Some manufacturers have also argued that their introductions into prisons may reduce prison rape and sexual tension in prison. Scholars like Oliver Bendel suggest that sex robots could be the solution to establishing sexual health and diminishing sexual tensions beyond in prison.

Manufacturers have also suggested sex robots may alleviate sexlessness in location encumbered professions such as long-haul truck drivers, all-male oil rigs, or encumbered careers that delay social commitments. Sex robots can also help avoid problems of unwanted pregnancies, forced marriages, sexually transmitted diseases, and sexual violence, which would be issues in brothels and with prostitutes.
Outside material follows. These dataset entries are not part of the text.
lemma nn_integral_norm_powr_outside_ball_finite:
  assumes p: "p < - real DIM('a)"
  shows "(\<integral>\<^sup>+z. indicator (- ball (0::'a::euclidean_space) 1) z * ennreal (norm z powr p) \<partial>lborel) < \<infinity>"
proof (rule nn_integral_finite_geometric_cover)
  let ?N = "DIM('a)"
  define t where "t k z = ennreal ((2 powr p) ^ k) * indicator (ball (0::'a) (2 ^ Suc k)) z" for k z
  show "indicator (- ball 0 1) z * ennreal (norm z powr p) \<le> (\<Sum>k. t k z)" for z :: 'a
  proof (cases "norm z < 1")
    case False
    then obtain k where k: "2 ^ k \<le> norm z" "norm z < 2 ^ Suc k"
      using ex_dyadic_interval[of "norm z"] by auto
    have "norm z powr p \<le> (2 ^ k) powr p" using k p by (intro powr_mono2') auto
    also have "\<dots> = (2 powr p) ^ k" by (simp add: power_powr_swap)
    finally have "indicator (- ball 0 1) z * ennreal (norm z powr p) \<le> t k z"
      using k by (auto simp: t_def indicator_def intro: ennreal_leI)
    also have "t k z \<le> (\<Sum>k. t k z)"
      using sum_le_suminf[OF summableI, of "{k}" "\<lambda>k. t k z"] by simp
    finally show ?thesis .
  qed (simp add: indicator_def)
  show "(\<integral>\<^sup>+z. t k z \<partial>lborel) = ennreal (unit_ball_vol ?N * 2 ^ ?N * (2 powr (p + ?N)) ^ k)" for k
  proof -
    have "(2 powr p) ^ k * (2 ^ Suc k) ^ ?N = 2 ^ ?N * (2 powr p * 2 ^ ?N) ^ k"
      by (simp add: power_mult_distrib power_mult[symmetric] mult.commute)
    also have "2 powr p * 2 ^ ?N = 2 powr (p + ?N)" by (simp add: powr_add powr_realpow)
    finally have "(2 powr p) ^ k * (unit_ball_vol ?N * (2 ^ Suc k) ^ ?N)
        = unit_ball_vol ?N * 2 ^ ?N * (2 powr (p + ?N)) ^ k"
      by (simp only: ac_simps)
    moreover have "(\<integral>\<^sup>+z. t k z \<partial>lborel) = ennreal ((2 powr p) ^ k) * ennreal (unit_ball_vol ?N * (2 ^ Suc k) ^ ?N)"
      by (simp add: t_def nn_integral_cmult_indicator emeasure_ball del: power_Suc)
    ultimately show ?thesis by (metis ennreal_mult' zero_le_power powr_ge_zero)
  qed
  show "2 powr (p + ?N) < 1" using p powr_less_mono[of "p + ?N" 0 2] by simp
  show "t k \<in> borel_measurable lborel" for k
    unfolding t_def[abs_def] by (intro borel_measurable_times_ennreal borel_measurable_indicator) auto
qed simp_all
lemma ffts_sys: "ffts (sys :: (real^'n) \<times> (real^'n) \<Rightarrow> (real^'n) \<times> (real^'n))"
  unfolding ffts_def
proof (intro conjI sys_zero lyapunov_stable_sys, rule exI[of _ 1], rule conjI[OF zero_less_one],
    rule exI[of _ V], rule exI[of _ "\<gamma>\<^sub>1"], rule exI[of _ "\<gamma>\<^sub>2"], rule exI[of _ "1 / p"],
    intro conjI \<gamma>\<^sub>1_pos \<gamma>\<^sub>2_pos inverse_p_bounds V_zero ballI impI allI)
  show "continuous_on (ball 0 1) (V :: (real^'n) \<times> (real^'n) \<Rightarrow> real)"
    using continuous_V by (rule continuous_on_subset) simp
  show "V z > 0" if "z \<noteq> 0" for z :: "(real^'n) \<times> (real^'n)" using V_pos[OF that] .
next
  fix x :: "real \<Rightarrow> (real^'n) \<times> (real^'n)" and t \<epsilon> :: real
  assume "is_solution sys x \<and> x 0 \<in> ball 0 1" and "0 \<le> t" and "0 < \<epsilon>"
  thus "eventually (\<lambda>h. (V (x (t + h)) - V (x t)) / h
          \<le> - \<gamma>\<^sub>1 * V (x t) - \<gamma>\<^sub>2 * V (x t) powr (1 / p) + \<epsilon>) (at_right 0)"
    using upper_right_dini_V unfolding upper_right_dini_le_def by blast
next
  fix x :: "real \<Rightarrow> (real^'n) \<times> (real^'n)"
  assume "is_solution sys x \<and> x 0 \<in> ball 0 1"
  thus "\<exists>T\<ge>0. T \<le> 1 / (\<gamma>\<^sub>1 * (1 - 1 / p)) * ln ((\<gamma>\<^sub>1 * V (x 0) powr (1 - 1 / p) + \<gamma>\<^sub>2) / \<gamma>\<^sub>2)
               \<and> (\<forall>t\<ge>T. x t = 0)"
    using settling_time_nonneg[OF \<gamma>\<^sub>1_pos \<gamma>\<^sub>2_pos inverse_p_bounds V_nonneg[of "x 0"]]
      solution_settles
    by (intro exI[of _ "settling_time \<gamma>\<^sub>1 \<gamma>\<^sub>2 (1 / p) (V (x 0))"]) (auto simp: settling_time_def)
qed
As the state of the art progresses (robotics and AI), thus providing a viable substitute for humans, some predict there could be a positive externality in the reduction of human trafficking and prostitution. This would be an example of technological unemployment that is seen as a benefit to the exploited being used by those activities.

== Potential Negatives and Opposition ==
In September 2015, Kathleen Richardson of De Montfort University and Erik Billing of the University of Skövde created the Campaign Against Sex Robots, calling for a ban on the creation of anthropomorphic sex robots. Richardson is critical of David Levy and argues that the introduction of such devices would be socially harmful and demeaning to women and children. Her concerns regarded the normalizing relationships with machines and the potential reinforcement of female dehumanization.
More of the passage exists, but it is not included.